I bet you ask yourself, “why does this happen to me? The holidays are supposed to be awesome, yet I feel awful.” It will be ok. Take a deep breath and relax for a moment as we go through this exercise. Sometimes we just need to find the source of our feelings. If you can pinpoint that and address it, you will be able to overcome it. The coaching model comes into play here if you can write it all down. First, you have your circumstance which may be an unwelcome guest or the friend/family member that makes you feel bad about yourself whenever you are in their presence. You may just feel overwhelmed with so many people all in one place. Next, we have your thought about your circumstance which causes a feeling which in turn will trigger an action on your part and finally your result.

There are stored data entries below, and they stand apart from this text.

text \<open>
  Every admissible p satisfies p^2 \<ge> indicator {h}, hence \<Lambda>_{d,n}(h) \<ge> \<mu>{h}.
  Conversely, choose C > |f - h|^2 on F and put q_N(f) = \<Sum>_{k \<le> N} \<langle>f - h, e_k\<rangle>^2.
  The peak polynomials (1 - q_N/C)^N lie in P_{2N,N}, equal 1 at h, take values in [0,1] on F
  by Bessel's inequality, and tend to 0 at every f \<noteq> h: by completeness some
  \<langle>f - h, e_K\<rangle> \<noteq> 0, so for N \<ge> K they are at most (1 - \<langle>f - h, e_K\<rangle>^2/C)^N.
  By dominated convergence their squared integrals tend to \<mu>{h}, and they bound
  \<Lambda>_{d,n}(h) from above as soon as d \<ge> 2N and n \<ge> N.
\<close>

lemma finite_multi_indices: "finite (multi_indices d n)"
proof (rule finite_subset)
  show "multi_indices d n \<subseteq> {a. \<forall>k. (k \<in> {1..n} \<longrightarrow> a k \<in> {0..d}) \<and> (k \<notin> {1..n} \<longrightarrow> a k = 0)}"
  proof safe
    fix a k assume a: "a \<in> multi_indices d n" and k: "k \<in> {1..n}"
    have "a k \<le> sum a {1..n}" using k by (intro member_le_sum) auto
    then show "a k \<in> {0..d}" using a by (auto simp: multi_indices_def)
  qed (auto simp: multi_indices_def)
  show "finite {a. \<forall>k. (k \<in> {1..n} \<longrightarrow> a k \<in> {0..d}) \<and> (k \<notin> {1..n} \<longrightarrow> a k = (0::nat))}"
    by (rule finite_set_of_finite_funs) auto
qed

lemma multi_indices_support: "a \<in> multi_indices d n \<Longrightarrow> k \<notin> {1..n} \<Longrightarrow> a k = 0"
  by (auto simp: multi_indices_def)

lemma multi_indices_mono:
  assumes "d \<le> d'" "n \<le> n'"
  shows "multi_indices d n \<subseteq> multi_indices d' n'"
proof
  fix a assume a: "a \<in> multi_indices d n"
  have "sum a {1..n'} = sum a {1..n}"
    by (rule sum.mono_neutral_right) (use assms(2) multi_indices_support[OF a] in auto)
  then show "a \<in> multi_indices d' n'"
    using a assms unfolding multi_indices_def mem_Collect_eq atLeastAtMost_iff
    by (metis order_trans)
qed

lemma multi_indices_add:
  assumes "a \<in> multi_indices d n" "b \<in> multi_indices d' n"
  shows "(\<lambda>k. a k + b k) \<in> multi_indices (d + d') n"
  using assms by (auto simp: multi_indices_def sum.distrib)

lemma monomial_add: "monomial e n (\<lambda>k. a k + b k) f = monomial e n a f * monomial e n b f"
  by (simp add: monomial_def power_add prod.distrib)

lemma monomial_harmonic_mono:
  assumes "a \<in> multi_indices d n" "n \<le> n'"
  shows "monomial e n' a = monomial e n a"
  unfolding monomial_def
  by (intro ext prod.mono_neutral_right) (use assms multi_indices_support[OF assms(1)] in auto)

lemma poly_spaceI:
  "p = (\<lambda>f. \<Sum>a\<in>multi_indices d n. c a * monomial e n a f) \<Longrightarrow> p \<in> poly_space e d n"
  unfolding poly_space_def by blast

lemma poly_spaceE:
  assumes "p \<in> poly_space e d n"
  obtains c where "p = (\<lambda>f. \<Sum>a\<in>multi_indices d n. c a * monomial e n a f)"
  using assms unfolding poly_space_def by blast

lemma poly_space_monomial:
  assumes "a \<in> multi_indices d n"
  shows "monomial e n a \<in> poly_space e d n"
proof (rule poly_spaceI)
  show "monomial e n a = (\<lambda>f. \<Sum>b\<in>multi_indices d n. (if b = a then 1 else 0) * monomial e n b f)"
    using assms by (intro ext) (simp add: finite_multi_indices if_distrib[of "\<lambda>c. c * _"] cong: if_cong)
qed

lemma poly_space_cmult:
  assumes "p \<in> poly_space e d n"
  shows "(\<lambda>f. r * p f) \<in> poly_space e d n"
proof -
  obtain c where "p = (\<lambda>f. \<Sum>a\<in>multi_indices d n. c a * monomial e n a f)"
    using assms by (rule poly_spaceE)
  then have "(\<lambda>f. r * p f) = (\<lambda>f. \<Sum>a\<in>multi_indices d n. (r * c a) * monomial e n a f)"
    by (simp add: sum_distrib_left mult.assoc)
  then show ?thesis by (rule poly_spaceI)
qed

lemma poly_space_const: "(\<lambda>_. r) \<in> poly_space e d n"
proof -
  have "(\<lambda>_. 0) \<in> multi_indices d n" by (simp add: multi_indices_def)
  from poly_space_cmult[OF poly_space_monomial[OF this], of r]
  show ?thesis by (simp add: monomial_def)
qed

lemma poly_space_add:
  assumes "p \<in> poly_space e d n" "q \<in> poly_space e d n"
  shows "(\<lambda>f. p f + q f) \<in> poly_space e d n"
proof -
  obtain c where "p = (\<lambda>f. \<Sum>a\<in>multi_indices d n. c a * monomial e n a f)"
    using assms(1) by (rule poly_spaceE)
  moreover obtain c' where "q = (\<lambda>f. \<Sum>a\<in>multi_indices d n. c' a * monomial e n a f)"
    using assms(2) by (rule poly_spaceE)
  ultimately have "(\<lambda>f. p f + q f) = (\<lambda>f. \<Sum>a\<in>multi_indices d n. (c a + c' a) * monomial e n a f)"
    by (simp add: sum.distrib distrib_right)
  then show ?thesis by (rule poly_spaceI)
qed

Let’s use an example: You have a family member that you only see at the holidays and typically that person says or does something that really upsets you.

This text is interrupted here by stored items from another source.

(* Let $G=(V,E)$ be a connected undirected unweighted graph on $n$ nodes, let $S\subseteq V$, and let $\delta\geq 1$ be a real number. Then the expected absorption time of the positional Voter process on $G$ with biased set $S$ and bias $\delta$ satisfies $\operatorname{T}(G^S,\delta)\leq n^5$.
   Context: Positional Voter model. A graph $G=(V,E,w)$ has node set $V$ with $|V|=n$, edge set $E\subseteq V\times V$ and weights $w\colon E\to\mathbb{R}_{>0}$; $\operatorname{in}(u)=\{v\in V:(v,u)\in E\}$. "Undirected unweighted" means $E$ is symmetric and $w\equiv 1$. A configuration is a set $X\subseteq V$ (the nodes carrying the novel trait $A$; the others carry trait $B$). Given a biased set $S\subseteq V$ and bias $\delta\ge 0$, define $f^S_X(v\mid u)=1+\delta$ if $v\in X$ and $u\in S$, and $f^S_X(v\mid u)=1$ otherwise. The process $(\mathcal{X}_t)_{t\ge0}$ evolves as follows: given $\mathcal{X}_t=X$, a node $u$ is chosen uniformly at random from $V$, then a node $v\in\operatorname{in}(u)$ is chosen with probability $\frac{f^S_X(v\mid u)\,w(v,u)}{\sum_{x\in\operatorname{in}(u)} f^S_X(x\mid u)\,w(x,u)}$, and $u$ adopts the trait of $v$, i.e. $\mathcal{X}_{t+1}=X\cup\{u\}$ if $v\in X$ and $\mathcal{X}_{t+1}=X\setminus\{u\}$ otherwise. Unless stated otherwise, $\mathcal{X}_0=\{u\}$ with $u$ uniformly random in $V$. The absorption time is the first $t$ with $\mathcal{X}_t\in\{\emptyset,V\}$, and $\operatorname{T}(G^S,\delta)$ denotes its expectation. *)

theory Defs
  imports "HOL-Probability.Probability"
begin

definition in_nbrs :: "('a \<times> 'a) set \<Rightarrow> 'a \<Rightarrow> 'a set" where
  "in_nbrs E u = {v. (v, u) \<in> E}"

definition pv_fit :: "'a set \<Rightarrow> real \<Rightarrow> 'a set \<Rightarrow> 'a \<Rightarrow> 'a \<Rightarrow> real" where
  "pv_fit S \<delta> X v u = (if v \<in> X \<and> u \<in> S then 1 + \<delta> else 1)"

definition pv_pick :: "('a \<times> 'a) set \<Rightarrow> ('a \<times> 'a \<Rightarrow> real) \<Rightarrow> 'a set \<Rightarrow> real
    \<Rightarrow> 'a set \<Rightarrow> 'a \<Rightarrow> 'a pmf" where
  "pv_pick E w S \<delta> X u = embed_pmf (\<lambda>v. if v \<in> in_nbrs E u
      then pv_fit S \<delta> X v u * w (v, u) / (\<Sum>x\<in>in_nbrs E u. pv_fit S \<delta> X x u * w (x, u))
      else 0)"

definition pv_step :: "'a set \<Rightarrow> ('a \<times> 'a) set \<Rightarrow> ('a \<times> 'a \<Rightarrow> real) \<Rightarrow> 'a set \<Rightarrow> real
    \<Rightarrow> 'a set \<Rightarrow> 'a set pmf" where
  "pv_step V E w S \<delta> X =
     (if X = {} \<or> X = V then return_pmf X
      else bind_pmf (pmf_of_set V) (\<lambda>u.
             map_pmf (\<lambda>v. if v \<in> X then insert u X else X - {u}) (pv_pick E w S \<delta> X u)))"

definition pv_dist :: "'a set \<Rightarrow> ('a \<times> 'a) set \<Rightarrow> ('a \<times> 'a \<Rightarrow> real) \<Rightarrow> 'a set \<Rightarrow> real
    \<Rightarrow> nat \<Rightarrow> 'a set pmf" where
  "pv_dist V E w S \<delta> t =
     ((\<lambda>p. bind_pmf p (pv_step V E w S \<delta>)) ^^ t) (map_pmf (\<lambda>u. {u}) (pmf_of_set V))"

text \<open>Expected absorption time T(G^S, delta) = sum over t of P(tau > t) = P(X_t not absorbed).\<close>
definition pv_absorption_time :: "'a set \<Rightarrow> ('a \<times> 'a) set \<Rightarrow> ('a \<times> 'a \<Rightarrow> real) \<Rightarrow> 'a set
    \<Rightarrow> real \<Rightarrow> ennreal" where
  "pv_absorption_time V E w S \<delta> =
     (\<Sum>t. ennreal (measure_pmf.prob (pv_dist V E w S \<delta> t) {X. X \<noteq> {} \<and> X \<noteq> V}))"

end

theory Submission
  imports Defs
begin

text \<open>
  Write vol(X) for the sum of the degrees of the nodes in X. If the chosen node u has a neighbours
  in X and b outside, it joins X with probability at least a/(a+b) and leaves it with probability
  at most b/(a+b), because the bias only favours X. Summing over u, the expected increase of
  vol(X)^2 is at least the sum over u \<notin> X of 2 vol(X) a + a (a+b) minus the sum over u \<in> X of
  2 vol(X) b. The linear terms cancel, as both sums count the edges across the cut, and by
  connectivity some u \<notin> X has a \<ge> 1. So vol^2 grows by at least 1/n per step in expectation while
  never exceeding vol(V)^2 \<le> n^4, and an additive drift argument gives T \<le> n \<cdot> n^4.
\<close>

lemma expectation_bind_step_ge:
  fixes step :: "'s \<Rightarrow> 's pmf" and \<psi> :: "'s \<Rightarrow> real"
  assumes P: "finite P" "set_pmf p \<subseteq> P"
    and closed: "\<And>x. x \<in> P \<Longrightarrow> set_pmf (step x) \<subseteq> P"
    and absorbing: "\<And>x. x \<in> P \<Longrightarrow> x \<notin> N \<Longrightarrow> step x = return_pmf x"
    and drift: "\<And>x. x \<in> P \<Longrightarrow> x \<in> N \<Longrightarrow> \<psi> x + c \<le> measure_pmf.expectation (step x) \<psi>"
  shows "measure_pmf.expectation p \<psi> + c * measure_pmf.prob p N
           \<le> measure_pmf.expectation (p \<bind> step) \<psi>"
proof -
  have fin_step: "finite (set_pmf (step x))" if "x \<in> P" for x
    using closed[OF that] P(1) by (rule finite_subset)
  have "measure_pmf.expectation p \<psi> + c * measure_pmf.prob p N
      = (\<Sum>x\<in>P. pmf p x * (\<psi> x + c * indicator N x))"
  proof -
    have "measure_pmf.expectation p (indicator N) = (\<Sum>x\<in>P. indicator N x * pmf p x)"
      by (rule integral_measure_pmf_real) (use P in auto)
    moreover have "measure_pmf.expectation p \<psi> = (\<Sum>x\<in>P. \<psi> x * pmf p x)"
      using P by (auto intro!: integral_measure_pmf_real)
    ultimately show ?thesis
      by (simp add: distrib_left sum.distrib sum_distrib_left mult_ac)
  qed
  also have "\<dots> \<le> (\<Sum>x\<in>P. pmf p x * measure_pmf.expectation (step x) \<psi>)"
  proof (intro sum_mono mult_left_mono)
    fix x assume x: "x \<in> P"
    show "\<psi> x + c * indicator N x \<le> measure_pmf.expectation (step x) \<psi>"
      using drift[OF x] absorbing[OF x] by (cases "x \<in> N") simp_all
  qed simp
  also have "\<dots> = measure_pmf.expectation (p \<bind> step) \<psi>"
    using P fin_step by (subst pmf_expectation_bind[of P]) auto
  finally show ?thesis .
qed

lemma absorption_sum_le_potential_gap:
  fixes step :: "'s \<Rightarrow> 's pmf" and \<psi> :: "'s \<Rightarrow> real"
  assumes P: "finite P" "set_pmf p0 \<subseteq> P"
    and closed: "\<And>x. x \<in> P \<Longrightarrow> set_pmf (step x) \<subseteq> P"
    and bounded: "\<And>x. x \<in> P \<Longrightarrow> \<psi> x \<le> M"
    and absorbing: "\<And>x. x \<in> P \<Longrightarrow> x \<notin> N \<Longrightarrow> step x = return_pmf x"
    and drift: "\<And>x. x \<in> P \<Longrightarrow> x \<in> N \<Longrightarrow> \<psi> x + c \<le> measure_pmf.expectation (step x) \<psi>"
    and c: "c > 0"
  shows "(\<Sum>t. ennreal (measure_pmf.prob (((\<lambda>p. p \<bind> step) ^^ t) p0) N))
           \<le> ennreal ((M - measure_pmf.expectation p0 \<psi>) / c)"
proof -
  define p where "p t = ((\<lambda>p. p \<bind> step) ^^ t) p0" for t
  have p_Suc: "p (Suc t) = p t \<bind> step" for t
    by (simp add: p_def)
  have support: "set_pmf (p t) \<subseteq> P" for t
    by (induction t) (use P closed in \<open>auto simp: p_def\<close>)
  have telescope: "measure_pmf.expectation p0 \<psi> + c * (\<Sum>t<T. measure_pmf.prob (p t) N)
      \<le> measure_pmf.expectation (p T) \<psi>" for T
  proof (induction T)
    case 0 then show ?case by (simp add: p_def)
  next
    case (Suc T)
    have "measure_pmf.expectation (p T) \<psi> + c * measure_pmf.prob (p T) N
        \<le> measure_pmf.expectation (p (Suc T)) \<psi>"
      unfolding p_Suc using P(1) support closed absorbing drift
      by (rule expectation_bind_step_ge)
    with Suc show ?case by (simp add: distrib_left)
  qed
  have le_M: "measure_pmf.expectation (p T) \<psi> \<le> M" for T
    using support bounded
    by (intro measure_pmf.integral_le_const) (auto simp: AE_measure_pmf_iff
        intro!: integrable_measure_pmf_finite finite_subset[OF support P(1)])
  have partial: "(\<Sum>t<T. measure_pmf.prob (p t) N) \<le> (M - measure_pmf.expectation p0 \<psi>) / c" for T
  proof -
    have "c * (\<Sum>t<T. measure_pmf.prob (p t) N) \<le> M - measure_pmf.expectation p0 \<psi>"
      using telescope[of T] le_M[of T] by linarith
    then show ?thesis using c by (simp add: pos_le_divide_eq mult.commute)
  qed
  show ?thesis
    unfolding p_def[symmetric]
  proof (intro suminf_le_const[OF summableI])
    fix T
    show "(\<Sum>t<T. ennreal (measure_pmf.prob (p t) N)) \<le> ennreal ((M - measure_pmf.expectation p0 \<psi>) / c)"
      using partial[of T] by (simp add: sum_ennreal ennreal_leI)
  qed
qed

Your circumstance is: The family member.
What is your thought about that family member? Something like, “She always makes me feel bad about my life choices or he brags about all of his accomplishments so much that it annoys me.” Or whatever the thought is that you are having about your circumstance.
How does that thought make you feel? Remember, thoughts cause your feelings, not the circumstance. You may feel uncomfortable, mad, sad, jealous, stressed or tense. Feelings are vibrations in your body which, in this case, are usually unwelcome feelings.
How will you react or act because of your feelings? You may retreat into a state of depression or you may lash out at this person. You may leave the party early because you don’t want to deal with how you are feeling. There are so many actions you may take that probably don’t serve you well.
Finally, what is your result? The result may be that you had a bad holiday experience because of this other person. You have missed out on some fun events due to how you reacted. In general, your result is not a good one.
Just changing how you think about a circumstance can change everything. Let’s say that you know you are going to be with people that you don’t want to be with. You can think a new thought, like “my life is good and whatever anyone says or does will not change my already happy/peaceful life.” What other people do or say is not in your control so therefore it puts the negative energy on them. You know that you are happy without this person or people in your life and their behavior belongs to them, right? Try to look at them with curiosity and fascination. Like Iyanla Vanzant says, “don’t make other people’s crazy about you.” You have your own life and world to be in control of. Let those people make their own impressions on the world. You also have to remember that not everyone is going to like you and you have to be ok with that. I also like the analogy that “you might be the sweetest, ripest, most delicious peach on the tree, but not everyone likes peaches.”
OK, now you have changed your thought, how does that make you feel? If you feel good about your thought that your life, as it is, makes you happy then perhaps you can look at those people and feel sad for them or think of ways to make them feel better about what they are saying to you. Just remembering that other people’s words cannot hurt you. It is what YOU THINK about their words that can hurt you. Thinking a new thought changes everything.
Now that you feel better, how will you act? You may decide that you are not going to leave early because there are other people at the event that you would like to talk with and catch up with. You won’t feel sad or mad or anxious because you know your life is in order and someone else telling you things they really have no idea about just can’t hurt you.
Your result will be a lovely holiday, shared with family and friends that you choose to chat with or interact with and see the negative circumstance as just something you have zero control over.